Professor Richard Cohen Wins Prestigious NEH Award!

2019 levinas.

Participants of the 7th Annual Levinas Philosophy Summer Seminar: "Irresponsibility and Politics" - July 15-19, 2019 - New York City

The Department of Jewish Thought is proud to announce the National Endowment for the Humanities has awarded Professor Richard A. Cohen a grant to direct a one-week seminar to be held in Augusts 2020 on the topic “Emmanuel Levinas: Ethics of Democracy,” at the University at Buffalo. 

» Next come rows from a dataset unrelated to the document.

lemma starG_self_distrib:
  "starG (starG a b) (starG a c) = starG a (starG b c) + shG [False] S\<^sub>\<epsilon>"
proof -
  have "starG (starG a b) (starG a c) =
      a + shG [True] b + S\<^sub>\<epsilon> + shG [True, True] c + shG [True] S\<^sub>\<epsilon> + - shG [True, True] a
        + S\<^sub>\<epsilon> + shG [True, True] a + - shG [True] S\<^sub>\<epsilon> + - shG [True, True] b + - shG [True] a"
    by (simp add: starG_def minus_add add.assoc)
  also have "\<dots> = a + shG [True] b + shG [True, True] c + S\<^sub>\<epsilon> + shG [True] S\<^sub>\<epsilon> + S\<^sub>\<epsilon>
        + - shG [True] S\<^sub>\<epsilon> + - shG [True, True] b + - shG [True] a"
    using arg_cong[OF S_conj_shG_11[of c, symmetric], of "\<lambda>t. t + _"]
      arg_cong[OF conj_swap_minus[OF S_conj_shG_11[of a]], of "\<lambda>t. t + _"]
    by (simp add: add.assoc)
  also have "\<dots> = a + shG [True] b + shG [True, True] c + shG [True] S\<^sub>\<epsilon> + S\<^sub>\<epsilon> + shG [False] S\<^sub>\<epsilon>
        + - shG [True, True] b + - shG [True] a"
    using arg_cong[OF S_S1_S_rel, of "\<lambda>t. t + _"] by (simp add: add.assoc)
  also have "\<dots> = a + shG [True] b + shG [True, True] c + shG [True] S\<^sub>\<epsilon> + - shG [True, True] b
        + S\<^sub>\<epsilon> + - shG [True] a + shG [False] S\<^sub>\<epsilon>"
    using commute_left_commute[OF commute_shG_incomparable[of "[]" "[]" S\<^sub>\<epsilon> "[True]" "- b"]]
      arg_cong[OF conj_swap_minus[OF S_conj_shG_11[of b], symmetric], of "\<lambda>t. t + _"]
      commute_shG_0_1[of S\<^sub>\<epsilon> "- a"]
    by (simp add: commute_def add.assoc)
  also have "\<dots> = starG a (starG b c) + shG [False] S\<^sub>\<epsilon>"
    by (simp add: starG_def minus_add add.assoc)
  finally show ?thesis .
qed

lemma starG_circG_distrib:
  "circG (starG a b) (starG a c) = starG a (circG b c) + shG [False] S\<^sub>\<epsilon>"
proof -
  have "circG (starG a b) (starG a c) =
      a + shG [True] b + S\<^sub>\<epsilon> + shG [True, True] c + shG [True] S\<^sub>\<epsilon> + - shG [True, True] a + A\<^sub>\<epsilon>"
    by (simp add: starG_def circG_def add.assoc)
  also have "\<dots> = a + shG [True] b + shG [True, True] c + S\<^sub>\<epsilon> + shG [True] S\<^sub>\<epsilon> + A\<^sub>\<epsilon> + - shG [True] a"
    using arg_cong[OF S_conj_shG_11[of c, symmetric], of "\<lambda>t. t + _"]
      conj_swap_minus[OF A_conj_shG_11[of a]]
    by (simp add: add.assoc)
  also have "\<dots> = a + shG [True] b + shG [True, True] c + shG [True] A\<^sub>\<epsilon> + S\<^sub>\<epsilon> + shG [False] S\<^sub>\<epsilon>
        + - shG [True] a"
    using arg_cong[OF S_S1_A_rel, of "\<lambda>t. t + _"] by (simp add: add.assoc)
  also have "\<dots> = a + shG [True] b + shG [True, True] c + shG [True] A\<^sub>\<epsilon> + S\<^sub>\<epsilon> + - shG [True] a
        + shG [False] S\<^sub>\<epsilon>"
    using commute_shG_0_1[of S\<^sub>\<epsilon> "- a"] by (simp add: commute_def add.assoc)
  also have "\<dots> = starG a (circG b c) + shG [False] S\<^sub>\<epsilon>"
    by (simp add: starG_def circG_def minus_add add.assoc)
  finally show ?thesis .
qed
lemma horn_form_cyclic:
  "horn_form x = (x$j - x$(j+1) + x$(j+2) + x$(j+3) - x$(j+4))\<^sup>2
                 + 4 * x$(j+1) * x$(j+3) + 4 * x$(j+2) * (x$(j+4) - x$(j+3))"
proof -
  have idx: "j + 1 + 1 = j + 2" "j + 2 + 1 = j + 3" "j + 3 + 1 = j + 4" "j + 4 + 1 = j"
    by simp_all
  have sos: "(a + b + c + d + e)\<^sup>2 - 4 * (a * b + b * c + c * d + d * e + e * a)
      = (a - b + c + d - e)\<^sup>2 + 4 * b * d + 4 * c * (e - d)" for a b c d e :: real
    by (simp add: power2_eq_square algebra_simps)
  show ?thesis
    unfolding horn_form_eq sum_UNIV_5_from[of _ j] idx sos ..
qed

lemma horn_form_nonneg:
  assumes "\<forall>r. 0 \<le> x$r"
  shows "0 \<le> horn_form x"
proof -
  obtain j where "x$(j+3) \<le> x$(j+4)"
    using ex_cyclic_ascent by blast
  then show ?thesis
    unfolding horn_form_cyclic[of x j] using assms by simp
qed

definition edge_vec :: "5 \<Rightarrow> real^5" where
  "edge_vec j = axis j 1 + axis (j+1) 1"

lemma eq_edge_vec_combination:
  assumes "x$(j+3) = 0" "x$(j+4) = 0" "x$(j+1) = x$j + x$(j+2)"
  shows "x = x$j *\<^sub>R edge_vec j + x$(j+2) *\<^sub>R edge_vec (j+1)"
proof -
  have "\<forall>r\<in>{j, j+1, j+2, j+3, j+4}. x$r = (x$j *\<^sub>R edge_vec j + x$(j+2) *\<^sub>R edge_vec (j+1))$r"
    using assms by (simp add: edge_vec_def axis_def)
  then show ?thesis
    unfolding vec_eq_iff UNIV_5_from[of j, symmetric] by blast
qed

lemma horn_sos_eq_0_cases:
  fixes a b c d e :: real
  assumes "0 \<le> a" "0 \<le> b" "0 \<le> c" "0 \<le> d" "d \<le> e"
    and "(a - b + c + d - e)\<^sup>2 + 4 * b * d + 4 * c * (e - d) = 0"
  shows "(d = 0 \<and> e = 0 \<and> b = a + c) \<or> (c = 0 \<and> d = 0 \<and> a = e + b) \<or> (b = 0 \<and> c = 0 \<and> e = d + a)"
proof -
  have "0 \<le> b * d" "0 \<le> c * (e - d)"
    using assms(2-5) by simp_all
  then have "(a - b + c + d - e)\<^sup>2 = 0" "b * d = 0" "c * (e - d) = 0"
    using assms(6) zero_le_power2[of "a - b + c + d - e"] by linarith+
  then show ?thesis
    using assms(1-5) by auto
qed

lemma horn_form_eq_0:
  assumes "\<forall>r. 0 \<le> x$r" "horn_form x = 0"
  obtains j a c where "0 \<le> a" "0 \<le> c" "x = a *\<^sub>R edge_vec j + c *\<^sub>R edge_vec (j+1)"
proof -
  obtain j where ascent: "x$(j+3) \<le> x$(j+4)"
    using ex_cyclic_ascent by blast
  have "(x$j - x$(j+1) + x$(j+2) + x$(j+3) - x$(j+4))\<^sup>2
      + 4 * x$(j+1) * x$(j+3) + 4 * x$(j+2) * (x$(j+4) - x$(j+3)) = 0"
    using assms(2) unfolding horn_form_cyclic[of x j] .
  then consider
      "x$(j+3) = 0" "x$(j+4) = 0" "x$(j+1) = x$j + x$(j+2)"
    | "x$(j+2) = 0" "x$(j+3) = 0" "x$j = x$(j+4) + x$(j+1)"
    | "x$(j+1) = 0" "x$(j+2) = 0" "x$(j+4) = x$(j+3) + x$j"
    using horn_sos_eq_0_cases[OF assms(1)[rule_format] assms(1)[rule_format] assms(1)[rule_format]
        assms(1)[rule_format] ascent]
    by blast
  then show thesis
  proof cases
    case 1
    then show thesis
      using that[of "x$j" "x$(j+2)" j] assms(1) eq_edge_vec_combination[of x j] by simp
  next
    case 2
    have idx: "j + 4 + 1 = j" "j + 4 + 2 = j + 1" "j + 4 + 3 = j + 2" "j + 4 + 4 = j + 3"
      by simp_all
    from 2 have "x = x$(j+4) *\<^sub>R edge_vec (j+4) + x$(j+1) *\<^sub>R edge_vec j"
      by (intro eq_edge_vec_combination[of x "j+4", unfolded idx])
    then show thesis
      using that[of _ _ "j+4", unfolded idx] assms(1) by blast
  next
    case 3
    have idx: "j + 3 + 1 = j + 4" "j + 3 + 2 = j" "j + 3 + 3 = j + 1" "j + 3 + 4 = j + 2"
      by simp_all
    from 3 have "x = x$(j+3) *\<^sub>R edge_vec (j+3) + x$j *\<^sub>R edge_vec (j+4)"
      by (intro eq_edge_vec_combination[of x "j+3", unfolded idx])
    then show thesis
      using that[of _ _ "j+3", unfolded idx] assms(1) by blast
  qed
qed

The award is one of only three such grants given nationwide by the NEH for 2020.  NEH Seminars for University and College Teachers provide funding – travel expenses and stipends - to enable sixteen American scholars to join together at an academic venue for one week to critically discuss selected topics.  The Seminar at UB on “Ethics of Democracy” will be guided by the thought and writings of Emmanuel Levinas (1906-1995), a Jewish-Lithuanian-French thinker who created one of the most compelling philosophical accounts of ethics in the 20th century.  His many writings, originally published in France, have been translated into many languages around the world, including English.  

Professor Cohen has translated four of Levinas’s books into English, and has authored four of his own books on various topics in Levinas’s thought, the most recent a critical contrast of Levinas and Spinoza: Out of Control: Confrontations between Spinoza and Levinas (2016).  Guided by Levinas’s thought, Professor Cohen’s seminar will examine the essential role of ethics – “good and evil,” “right and wrong” - in modern democratic governance, both in theory and practice. 

The Seminar is co-directed by Professor Jim McLachlan, Western Carolina University, and co-organized by Professor Jolanta Saldukaityte, Vilnius Gediminas Technical University.  The 2020 Seminar at UB will be the eighth one-week summer seminar on Levinas directed by Professor Cohen, starting in 2013, held in Berkeley, Buffalo, New York, Paris, Rome and Vilnius, and the second held in Buffalo supported by a National Endowment of Humanities grant.